Mass-reassigning cdleary's bugs to default. He won't work on any of them, anymore. I guess, at least.

@cdleary: shout if you take issue with this.

	Jared Wein [:jaws] (please needinfo? me)
	Comment 57 • 11 years ago

David, do you know what the next steps are for this bug?

	David Anderson [:dvander] - inactive, e-mail if emergency
	Comment 58 • 11 years ago

This bug has bitrotted too much to be useful by now, especially with the upcoming removal of JM, it's not worth rebasing. As Dave said in comment #53, the value here is mostly marketing. No optimizing JIT that I know of takes the performance hit required to implement these hardening features.

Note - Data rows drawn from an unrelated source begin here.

(* Let $X$ be an infinite set. Then the symmetric monoid $\mathrm{Map}(X)$ of all maps $X\to X$ (under composition) is not sofic.
   Context: For a non-empty finite set $Y$, $\mathrm{Map}(Y)$ is the monoid of all maps $Y\to Y$ under composition (identity $\mathrm{Id}_Y$) with the Hamming metric $d_Y(f,g)=|\{y\in Y : f(y)\ne g(y)\}|/|Y|$. For a monoid $M$ with identity $1_M$, finite $K\subset M$ and $\varepsilon,\alpha>0$, a map $\varphi\colon M\to\mathrm{Map}(Y)$ is a $(K,\varepsilon)$-morphism if $d_Y(\varphi(k_1k_2),\varphi(k_1)\varphi(k_2))\le\varepsilon$ for all $k_1,k_2\in K$ and $d_Y(\varphi(1_M),\mathrm{Id}_Y)\le\varepsilon$; it is $(K,\alpha)$-injective if $d_Y(\varphi(k_1),\varphi(k_2))\ge\alpha$ for all distinct $k_1,k_2\in K$. $M$ is sofic if for every finite $K\subset M$ and every $\varepsilon>0$ there exist a non-empty finite set $Y$ and a $(K,1-\varepsilon)$-injective $(K,\varepsilon)$-morphism $\varphi\colon M\to\mathrm{Map}(Y)$. *)

theory Defs
  imports Complex_Main "HOL-Algebra.Group" "HOL-Library.FuncSet"
begin

definition hamming :: "'b set \<Rightarrow> ('b \<Rightarrow> 'b) \<Rightarrow> ('b \<Rightarrow> 'b) \<Rightarrow> real" where
  "hamming Y f g = real (card {y \<in> Y. f y \<noteq> g y}) / real (card Y)"

text \<open>The finite sets Y are taken as
  finite subsets of nat (every finite set is in bijection with one); a map
  phi : M -> Map(Y) is a function sending each element of M to a self-map of Y.\<close>
definition sofic :: "('a, 'c) monoid_scheme \<Rightarrow> bool" where
  "sofic M \<longleftrightarrow>
    (\<forall>K \<epsilon>. K \<subseteq> carrier M \<and> finite K \<and> (\<epsilon>::real) > 0 \<longrightarrow>
      (\<exists>(Y::nat set) (\<phi>::'a \<Rightarrow> nat \<Rightarrow> nat).
         finite Y \<and> Y \<noteq> {} \<and>
         (\<forall>m \<in> carrier M. \<phi> m \<in> Y \<rightarrow> Y) \<and>
         (\<forall>k1\<in>K. \<forall>k2\<in>K. hamming Y (\<phi> (k1 \<otimes>\<^bsub>M\<^esub> k2)) (\<phi> k1 \<circ> \<phi> k2) \<le> \<epsilon>) \<and>
         hamming Y (\<phi> \<one>\<^bsub>M\<^esub>) id \<le> \<epsilon> \<and>
         (\<forall>k1\<in>K. \<forall>k2\<in>K. k1 \<noteq> k2 \<longrightarrow> hamming Y (\<phi> k1) (\<phi> k2) \<ge> 1 - \<epsilon>)))"

definition Map_monoid :: "'a set \<Rightarrow> ('a \<Rightarrow> 'a) monoid" where
  "Map_monoid X = \<lparr>carrier = X \<rightarrow>\<^sub>E X, mult = (\<lambda>f g. compose X f g), one = restrict id X\<rparr>"

end

theory Submission
  imports Defs
begin

text \<open>A sofic monoid is directly finite: in a finite set Y, the map B sends the fixed points
  of A \<circ> B injectively into the fixed points of B \<circ> A, so B \<circ> A is at least as close to the
  identity as A \<circ> B. Hence if a b = 1, the approximations of b a and 1 are close to each other,
  contradicting approximate injectivity unless b a = 1. For infinite X, Map(X) is not directly
  finite: a bijection of X onto X minus a point, together with a left inverse of it, gives
  a b = 1 but b a \<noteq> 1.\<close>

definition directly_finite :: "('a, 'c) monoid_scheme \<Rightarrow> bool" where
  "directly_finite M \<longleftrightarrow>
    (\<forall>a \<in> carrier M. \<forall>b \<in> carrier M. a \<otimes>\<^bsub>M\<^esub> b = \<one>\<^bsub>M\<^esub> \<longrightarrow> b \<otimes>\<^bsub>M\<^esub> a = \<one>\<^bsub>M\<^esub>)"

lemma hamming_commute: "hamming Y f g = hamming Y g f"
  unfolding hamming_def by (metis (mono_tags) eq_commute)

lemma hamming_triangle:
  assumes "finite Y"
  shows "hamming Y f h \<le> hamming Y f g + hamming Y g h"
proof -
  have "card {y \<in> Y. f y \<noteq> h y} \<le> card ({y \<in> Y. f y \<noteq> g y} \<union> {y \<in> Y. g y \<noteq> h y})"
    by (rule card_mono) (use assms in auto)
  also have "\<dots> \<le> card {y \<in> Y. f y \<noteq> g y} + card {y \<in> Y. g y \<noteq> h y}"
    by (rule card_Un_le)
  finally show ?thesis
    unfolding hamming_def by (simp add: divide_right_mono add_divide_distrib[symmetric])
qed

lemma hamming_id_eq_card_Diff_fixpoints:
  assumes "finite Y"
  shows "hamming Y f id = real (card Y - card {y \<in> Y. f y = y}) / real (card Y)"
proof -
  have "{y \<in> Y. f y \<noteq> id y} = Y - {y \<in> Y. f y = y}" by auto
  then show ?thesis unfolding hamming_def using assms by (simp add: card_Diff_subset)
qed

lemma hamming_comp_swap_id_le:
  assumes "finite Y" and B: "B \<in> Y \<rightarrow> Y"
  shows "hamming Y (B \<circ> A) id \<le> hamming Y (A \<circ> B) id"
proof -
  let ?S = "{y \<in> Y. (A \<circ> B) y = y}" and ?T = "{y \<in> Y. (B \<circ> A) y = y}"
  have "inj_on B ?S" by (rule inj_onI) (metis (mono_tags, lifting) comp_apply mem_Collect_eq)
  moreover have "B ` ?S \<subseteq> ?T" using B by auto
  ultimately have "card ?S \<le> card ?T"
    using assms(1) by (metis (no_types, lifting) card_inj_on_le finite_subset mem_Collect_eq subsetI)
  then show ?thesis
    using assms(1) by (simp add: hamming_id_eq_card_Diff_fixpoints divide_right_mono)
qed

lemma sofic_imp_directly_finite:
  assumes "monoid M" and "sofic M"
  shows "directly_finite M"
  unfolding directly_finite_def
proof (intro ballI impI)
  fix a b assume a: "a \<in> carrier M" and b: "b \<in> carrier M" and ab: "a \<otimes>\<^bsub>M\<^esub> b = \<one>\<^bsub>M\<^esub>"
  show "b \<otimes>\<^bsub>M\<^esub> a = \<one>\<^bsub>M\<^esub>"
  proof (rule ccontr)
    assume ba: "b \<otimes>\<^bsub>M\<^esub> a \<noteq> \<one>\<^bsub>M\<^esub>"
    define K where "K = {a, b, \<one>\<^bsub>M\<^esub>, b \<otimes>\<^bsub>M\<^esub> a}"
    have "K \<subseteq> carrier M" "finite K"
      unfolding K_def using a b monoid.m_closed[OF assms(1)] monoid.one_closed[OF assms(1)] by auto
    then obtain Y and \<phi> :: "'a \<Rightarrow> nat \<Rightarrow> nat" where
      Y: "finite Y" and maps: "\<forall>m \<in> carrier M. \<phi> m \<in> Y \<rightarrow> Y" and
      mult: "\<forall>k1\<in>K. \<forall>k2\<in>K. hamming Y (\<phi> (k1 \<otimes>\<^bsub>M\<^esub> k2)) (\<phi> k1 \<circ> \<phi> k2) \<le> 1/10" and
      one: "hamming Y (\<phi> \<one>\<^bsub>M\<^esub>) id \<le> 1/10" and
      inj: "\<forall>k1\<in>K. \<forall>k2\<in>K. k1 \<noteq> k2 \<longrightarrow> hamming Y (\<phi> k1) (\<phi> k2) \<ge> 1 - 1/10"
      using \<open>sofic M\<close> unfolding sofic_def by (elim allE[of _ K] allE[of _ "1/10"]) auto
    have "hamming Y (\<phi> \<one>\<^bsub>M\<^esub>) (\<phi> a \<circ> \<phi> b) \<le> 1/10"
      using mult ab unfolding K_def by force
    then have "hamming Y (\<phi> a \<circ> \<phi> b) id \<le> 2/10"
      using hamming_triangle[OF Y, where f = "\<phi> a \<circ> \<phi> b" and g = "\<phi> \<one>\<^bsub>M\<^esub>" and h = id] one
        hamming_commute[of Y "\<phi> a \<circ> \<phi> b" "\<phi> \<one>\<^bsub>M\<^esub>"]
      by linarith
    then have ba_id: "hamming Y (\<phi> b \<circ> \<phi> a) id \<le> 2/10"
      using hamming_comp_swap_id_le[OF Y, of "\<phi> b" "\<phi> a"] maps b by fastforce
    have "hamming Y (\<phi> (b \<otimes>\<^bsub>M\<^esub> a)) (\<phi> b \<circ> \<phi> a) \<le> 1/10"
      using mult unfolding K_def by force
    then have "hamming Y (\<phi> (b \<otimes>\<^bsub>M\<^esub> a)) (\<phi> \<one>\<^bsub>M\<^esub>) \<le> 4/10"
      using ba_id one hamming_triangle[OF Y, where f = "\<phi> (b \<otimes>\<^bsub>M\<^esub> a)" and g = "\<phi> b \<circ> \<phi> a" and h = "\<phi> \<one>\<^bsub>M\<^esub>"]
        hamming_triangle[OF Y, where f = "\<phi> b \<circ> \<phi> a" and g = id and h = "\<phi> \<one>\<^bsub>M\<^esub>"]
        hamming_commute[of Y id "\<phi> \<one>\<^bsub>M\<^esub>"]
      by linarith
    moreover have "hamming Y (\<phi> (b \<otimes>\<^bsub>M\<^esub> a)) (\<phi> \<one>\<^bsub>M\<^esub>) \<ge> 1 - 1/10"
      using inj ba unfolding K_def by blast
    ultimately show False by linarith
  qed
qed

lemma monoid_Map_monoid: "monoid (Map_monoid X)"
proof -
  have "restrict id X = (\<lambda>x\<in>X. x)" by (simp add: id_def)
  then show ?thesis
    by (intro monoidI) (auto simp: Map_monoid_def compose_def PiE_def Pi_def extensional_def fun_eq_iff)
qed

lemma Map_monoid_not_directly_finite:
  assumes "infinite X"
  shows "\<not> directly_finite (Map_monoid X)"
proof -
  from assms obtain x0 where x0: "x0 \<in> X" by (metis finite.emptyI ex_in_conv)
  obtain h where "bij_betw h X (X - {x0})" using infinite_imp_bij_betw[OF assms] by blast
  then have h_inj: "inj_on h X" and h_into: "\<And>x. x \<in> X \<Longrightarrow> h x \<in> X - {x0}"
    by (auto simp: bij_betw_def)
  define b where "b = restrict h X"
  define a where "a = (\<lambda>x\<in>X. if x \<in> h ` X then inv_into X h x else x0)"
  let ?M = "Map_monoid X"
  have a: "a \<in> carrier ?M" and b: "b \<in> carrier ?M"
    unfolding Map_monoid_def a_def b_def using x0 h_inj h_into by auto
  have "a \<otimes>\<^bsub>?M\<^esub> b = \<one>\<^bsub>?M\<^esub>"
    unfolding Map_monoid_def a_def b_def compose_def using h_inj h_into by (auto intro!: ext)
  moreover have "(b \<otimes>\<^bsub>?M\<^esub> a) x0 \<noteq> \<one>\<^bsub>?M\<^esub> x0"
  proof -
    have "x0 \<notin> h ` X" using h_into by blast
    then show ?thesis
      using x0 h_into[OF x0] by (simp add: Map_monoid_def compose_def a_def b_def)
  qed
  ultimately show ?thesis unfolding directly_finite_def using a b by metis
qed

theorem corollary5p8:
  fixes X :: "'a set"
  assumes "infinite X"
  shows "\<not> sofic (Map_monoid X)"
  using sofic_imp_directly_finite[OF monoid_Map_monoid] Map_monoid_not_directly_finite[OF assms]
  by blast

end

V8 does some kind of limited constant blinding in their baseline JIT only. We could always consider these things for our baseline JIT, for marketing purposes. The only thing that will actually make the JIT secure is a content sandbox.

	Tom Ritter [:tjr] (Back 9/5)
	Comment 59 • 6 years ago

Luke - do you think there'a anything in here worth keeping this bug open for (except maybe as a meta issue - but I think it only has 2 subitems so probably not even then..)

	Luke Wagner [:luke]
	Comment 60 • 6 years ago

No, I think it's fair to close at this point.